Mullaney explains, again, that Eclipse (the magazine) is a black-and-white version of Epic Illustrated and Heavy Metal, but on cheaper paper. I think.

All the contributors to the magazine are American except Hunt Emerson, who shows up for about half the issues with some really funny stuff. I lol-ed out loud a few times.

Rick Geary! Has anybody ever analysed just what it is that makes his artwork so irresistible? I think it has something to do with his linework that’s so bulbuous: Instead of going thick/thin, he goes thick/thick/nothing. So instead of having thinner lines between the heaver bits, he just has nothing… His lines pause a bit before resuming their ballooning paths…

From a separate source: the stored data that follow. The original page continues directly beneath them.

lemma perturbed_minimizer_near_strong_min:
  fixes \<phi> :: "'a::euclidean_space \<Rightarrow> ereal"
  assumes proper: "\<forall>x. \<phi> x \<noteq> -\<infinity>" and dom: "x0 \<in> edom \<phi>" and "R > 0"
    and lsc: "\<forall>x\<in>cball x0 R. lsc_at \<phi> x"
    and strong: "\<forall>x\<in>cball x0 R. \<phi> x \<ge> \<phi> x0 + ereal (\<sigma> / 2 * (norm (x - x0))\<^sup>2)"
    and "0 < \<eta>" "\<eta> < \<sigma>" "t > 0" and small: "2 * t * norm q < \<eta> * R"
  obtains a where "norm a < R" "\<eta> / 2 * (norm a)\<^sup>2 \<le> t * inner q a"
    "t *\<^sub>R q - (\<eta> - \<sigma>) *\<^sub>R a \<in> lim_subdiff \<phi> (x0 + a)"
proof -
  define g where "g = (\<lambda>u. (\<eta> - \<sigma>) / 2 * (norm (u - x0))\<^sup>2 - inner (t *\<^sub>R q) (u - x0))"
  define \<psi> where "\<psi> = (\<lambda>u. \<phi> u + ereal (g u))"
  have "lsc_at \<psi> x" if "x \<in> cball x0 R" for x
    unfolding \<psi>_def using lsc that proper
    by (intro lsc_at_add_continuous) (auto simp: g_def intro!: continuous_intros)
  then obtain x where x: "x \<in> cball x0 R" and xmin: "\<forall>u\<in>cball x0 R. \<psi> x \<le> \<psi> u"
    using lsc_attains_min_on_compact[of "cball x0 R" \<psi>] \<open>R > 0\<close> by auto
  define a where "a = x - x0"
  obtain f0 where f0: "\<phi> x0 = ereal f0" using dom proper unfolding edom_def by (cases "\<phi> x0") auto
  have "\<psi> x \<le> \<psi> x0" using xmin \<open>R > 0\<close> by simp
  then have "\<phi> x + ereal (g x) \<le> ereal f0" unfolding \<psi>_def g_def using f0 by simp
  then obtain fx where fx: "\<phi> x = ereal fx" and "fx + g x \<le> f0" using proper by (cases "\<phi> x") auto
  moreover have "fx \<ge> f0 + \<sigma> / 2 * (norm a)\<^sup>2" using strong x fx f0 unfolding a_def by force
  ultimately have quadratic: "\<eta> / 2 * (norm a)\<^sup>2 \<le> t * inner q a"
    unfolding g_def a_def by (simp add: algebra_simps add_divide_distrib diff_divide_distrib)
  have "\<eta> * norm a < \<eta> * R"
    using norm_le_of_quadratic_bound[OF \<open>0 < \<eta>\<close> quadratic] \<open>t > 0\<close> small by simp
  then have "norm a < R" using \<open>0 < \<eta>\<close> by simp
  have "\<psi> x \<le> \<psi> u" if "norm (u - x) < R - norm a" for u
  proof -
    have "norm (u - x0) \<le> norm (u - x) + norm a"
      unfolding a_def by (metis diff_add_cancel norm_triangle_ineq add_diff_eq)
    then show ?thesis using xmin that by (simp add: dist_norm norm_minus_commute)
  qed
  then have "t *\<^sub>R q - (\<eta> - \<sigma>) *\<^sub>R a \<in> reg_subdiff \<phi> x"
    unfolding a_def using \<open>norm a < R\<close> \<open>\<eta> < \<sigma>\<close> fx
    by (intro reg_subdiff_at_min_of_concave_quadratic_perturbation[OF proper, where r = "R - norm a"])
       (auto simp: edom_def \<psi>_def g_def a_def)
  then show thesis
    using that \<open>norm a < R\<close> quadratic reg_subdiff_subset_lim_subdiff unfolding a_def by fastforce
qed

lemma breve_subdiff2_at_strong_min_lower_bound:
  fixes \<phi> :: "'a::euclidean_space \<Rightarrow> ereal"
  assumes proper: "\<forall>x. \<phi> x \<noteq> -\<infinity>" and dom: "x0 \<in> edom \<phi>" and "R > 0"
    and lsc: "\<forall>x\<in>cball x0 R. lsc_at \<phi> x"
    and strong: "\<forall>x\<in>cball x0 R. \<phi> x \<ge> \<phi> x0 + ereal (\<sigma> / 2 * (norm (x - x0))\<^sup>2)"
    and "0 < \<eta>" "\<eta> < \<sigma>"
    and z: "z \<in> breve_subdiff2 \<phi> x0 0 w"
  shows "inner z w \<ge> (\<sigma> - \<eta>) * (norm w)\<^sup>2"
proof -
  define \<mu> where "\<mu> = \<eta> - \<sigma>"
  define q where "q = z + \<mu> *\<^sub>R w"
  define C where "C = (1 + \<bar>\<mu>\<bar>) * (2 * norm q / \<eta>) + norm q"
  have normal: "(z, - w) \<in> reg_normal_cone (graph_sv (lim_subdiff \<phi>)) (x0, 0)"
    using z unfolding breve_subdiff2_def reg_coderiv_def by simp
  have "- inner w q \<le> 0"
  proof (rule reg_normal_cone_linear_approach[OF normal])
    fix T :: real assume "T > 0"
    define t where "t = min (T / 2) (\<eta> * R / (2 * (norm q + 1)))"
    have den: "2 * (norm q + 1) > 0" by (auto intro: add_nonneg_pos)
    then have "\<eta> * R / (2 * (norm q + 1)) > 0" using \<open>0 < \<eta>\<close> \<open>R > 0\<close> by simp
    then have "t > 0" "t < T" unfolding t_def using \<open>T > 0\<close> by (auto simp: min_less_iff_disj)
    have "t \<le> \<eta> * R / (2 * (norm q + 1))" unfolding t_def by simp
    then have "2 * t * (norm q + 1) \<le> \<eta> * R" using pos_le_divide_eq[OF den] by (simp add: algebra_simps)
    then have "2 * t * norm q < \<eta> * R" using \<open>t > 0\<close> by (simp add: algebra_simps)
    then obtain a where a: "norm a < R" "\<eta> / 2 * (norm a)\<^sup>2 \<le> t * inner q a"
        "t *\<^sub>R q - \<mu> *\<^sub>R a \<in> lim_subdiff \<phi> (x0 + a)"
      using perturbed_minimizer_near_strong_min[OF proper dom \<open>R > 0\<close> lsc strong \<open>0 < \<eta>\<close> \<open>\<eta> < \<sigma>\<close> \<open>t > 0\<close>]
      unfolding \<mu>_def by blast
    define v where "v = t *\<^sub>R q - \<mu> *\<^sub>R a"
    have "(x0, 0) + (a, v) \<in> graph_sv (lim_subdiff \<phi>)"
      using a(3) unfolding graph_sv_def v_def by simp
    moreover have "norm (a, v) \<le> C * t"
    proof -
      have "\<eta> * norm a \<le> 2 * t * norm q"
        using norm_le_of_quadratic_bound[OF \<open>0 < \<eta>\<close> a(2)] \<open>t > 0\<close> by simp
      then have "norm a \<le> (2 * norm q / \<eta>) * t" using \<open>0 < \<eta>\<close> by (simp add: field_simps)
      then have "(1 + \<bar>\<mu>\<bar>) * norm a \<le> (1 + \<bar>\<mu>\<bar>) * (2 * norm q / \<eta>) * t"
        by (metis mult.assoc mult_left_mono abs_ge_zero add_nonneg_nonneg zero_le_one)
      moreover have "norm v \<le> t * norm q + \<bar>\<mu>\<bar> * norm a"
        unfolding v_def using \<open>t > 0\<close> norm_triangle_ineq4[of "t *\<^sub>R q" "\<mu> *\<^sub>R a"] by simp
      ultimately show ?thesis
        using norm_Pair_le[of a v] unfolding C_def by (simp add: algebra_simps)
    qed
    moreover have "- inner w q * t \<le> inner (z, - w) (a, v)"
    proof -
      have "inner (z, - w) (a, v) = inner q a - t * inner w q"
        unfolding v_def q_def by (simp add: inner_add_left inner_add_right inner_diff_right inner_commute algebra_simps)
      moreover have "0 \<le> t * inner q a"
        using a(2) \<open>0 < \<eta>\<close> by (meson order_trans zero_le_power2 mult_nonneg_nonneg half_gt_zero less_imp_le)
      then have "0 \<le> inner q a" using \<open>t > 0\<close> by (simp add: zero_le_mult_iff)
      ultimately show ?thesis by simp
    qed
    ultimately show "\<exists>t p. 0 < t \<and> t < T \<and> (x0, 0) + p \<in> graph_sv (lim_subdiff \<phi>) \<and>
        norm p \<le> C * t \<and> - inner w q * t \<le> inner (z, - w) p"
      using \<open>t > 0\<close> \<open>t < T\<close> by blast
  qed
  then show ?thesis
    unfolding q_def \<mu>_def by (simp add: inner_add_right inner_commute power2_norm_eq_inner algebra_simps)
qed

theorem theorem6p3:
  fixes \<phi> :: "'a::euclidean_space \<Rightarrow> ereal" and xb :: 'a and \<sigma> :: real
  assumes proper: "\<forall>x. \<phi> x \<noteq> -\<infinity>"
    and zero_sub: "0 \<in> lim_subdiff \<phi> xb"
    and prox: "prox_regular_at \<phi> xb 0"
    and sigma_pos: "\<sigma> > 0"
    and smin: "strong_local_min \<phi> xb \<sigma>"
  shows "(\<forall>w z. z \<in> breve_subdiff2 \<phi> xb 0 w \<longrightarrow> inner z w \<ge> \<sigma> * (norm w)\<^sup>2) \<and>
         (\<forall>w z. w \<noteq> 0 \<and> z \<in> breve_subdiff2 \<phi> xb 0 w \<longrightarrow> inner z w > 0)"
proof -
  obtain \<delta>0 where "\<delta>0 > 0" and dom: "xb \<in> edom \<phi>"
    and strong: "\<forall>x\<in>ball xb \<delta>0. \<phi> x \<ge> \<phi> xb + ereal (\<sigma> / 2 * (norm (x - xb))\<^sup>2)"
    using smin unfolding strong_local_min_def by blast
  obtain \<delta>1 where "\<delta>1 > 0" and lsc: "\<forall>x\<in>ball xb \<delta>1. lsc_at \<phi> x"
    using prox unfolding prox_regular_at_def locally_lsc_around_def by blast
  define R where "R = min \<delta>0 \<delta>1 / 2"
  have "R > 0" and "cball xb R \<subseteq> ball xb \<delta>0 \<inter> ball xb \<delta>1"
    unfolding R_def using \<open>\<delta>0 > 0\<close> \<open>\<delta>1 > 0\<close> by (auto simp: subset_iff)
  then have lsc_R: "\<forall>x\<in>cball xb R. lsc_at \<phi> x"
    and strong_R: "\<forall>x\<in>cball xb R. \<phi> x \<ge> \<phi> xb + ereal (\<sigma> / 2 * (norm (x - xb))\<^sup>2)"
    using lsc strong by blast+
  have lower: "inner z w \<ge> \<sigma> * (norm w)\<^sup>2" if "z \<in> breve_subdiff2 \<phi> xb 0 w" for w z
  proof (rule tendsto_upperbound)
    show "((\<lambda>\<eta>. (\<sigma> - \<eta>) * (norm w)\<^sup>2) \<longlongrightarrow> \<sigma> * (norm w)\<^sup>2) (at_right 0)"
      by (auto intro!: tendsto_eq_intros)
    show "eventually (\<lambda>\<eta>. (\<sigma> - \<eta>) * (norm w)\<^sup>2 \<le> inner z w) (at_right 0)"
      using eventually_at_right_real[OF sigma_pos]
    proof eventually_elim
      case (elim \<eta>)
      then show ?case
        using breve_subdiff2_at_strong_min_lower_bound[OF proper dom \<open>R > 0\<close> lsc_R strong_R _ _ that]
        by simp
    qed
  qed (simp add: trivial_limit_at_right_real)
  have "\<sigma> * (norm w)\<^sup>2 > 0" if "w \<noteq> 0" for w :: 'a
    using that sigma_pos by simp
  with lower show ?thesis by (meson less_le_trans)
qed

Michael William Kaluta pops in with a single, very untypical piece. I would not have guessed that that’s a Kaluta drawing.

Harsh critique on the letters page.

Whaaa? Peter Kuper? That’s a Peter Kuper drawing? It looks nothing like it. Perhaps it’s a different Peter Kuper?

Sue Cavey illustrates a Harvey Pekar story, and I think she does an incredible job. It’s perfectly suited to Pekar’s wistful and nostalgic story. I love Pekar’s work, and this is a very strong piece.

Not everything in the anthology is as notable… or not as notable in a positive sense. This Tom Sutton/Don McGregor tale of jilted young love is as cringeworthy as you’d expect.

And then it’s over! Not because they’re shutting down, exactly, but because they’re transitioning to a smaller, colourful format. And they mention that they’re switching to “Baxter paper” how many times? It was a thing back then.

I’ve really enjoyed spending half a day reading this anthology. Each issue is 64 pages, which gives you a satisfying chunk to relate to. There’s enough room to drop the odd 20-page piece into the mix without crowding everything else out, and if there’s a couple of dud pieces (and there are), you’re more willing to overlook that because there’s all these other swell comics in here.

Or at least I am. Carter Scholz wasn’t.

2 thoughts on “1981: Eclipse, the Magazine”

    1. The Foozle was a reworked Creeper story – at least that was the widely reported story at the time. And the upcoming Scorpio Rose was reworked Madame Xanadu material.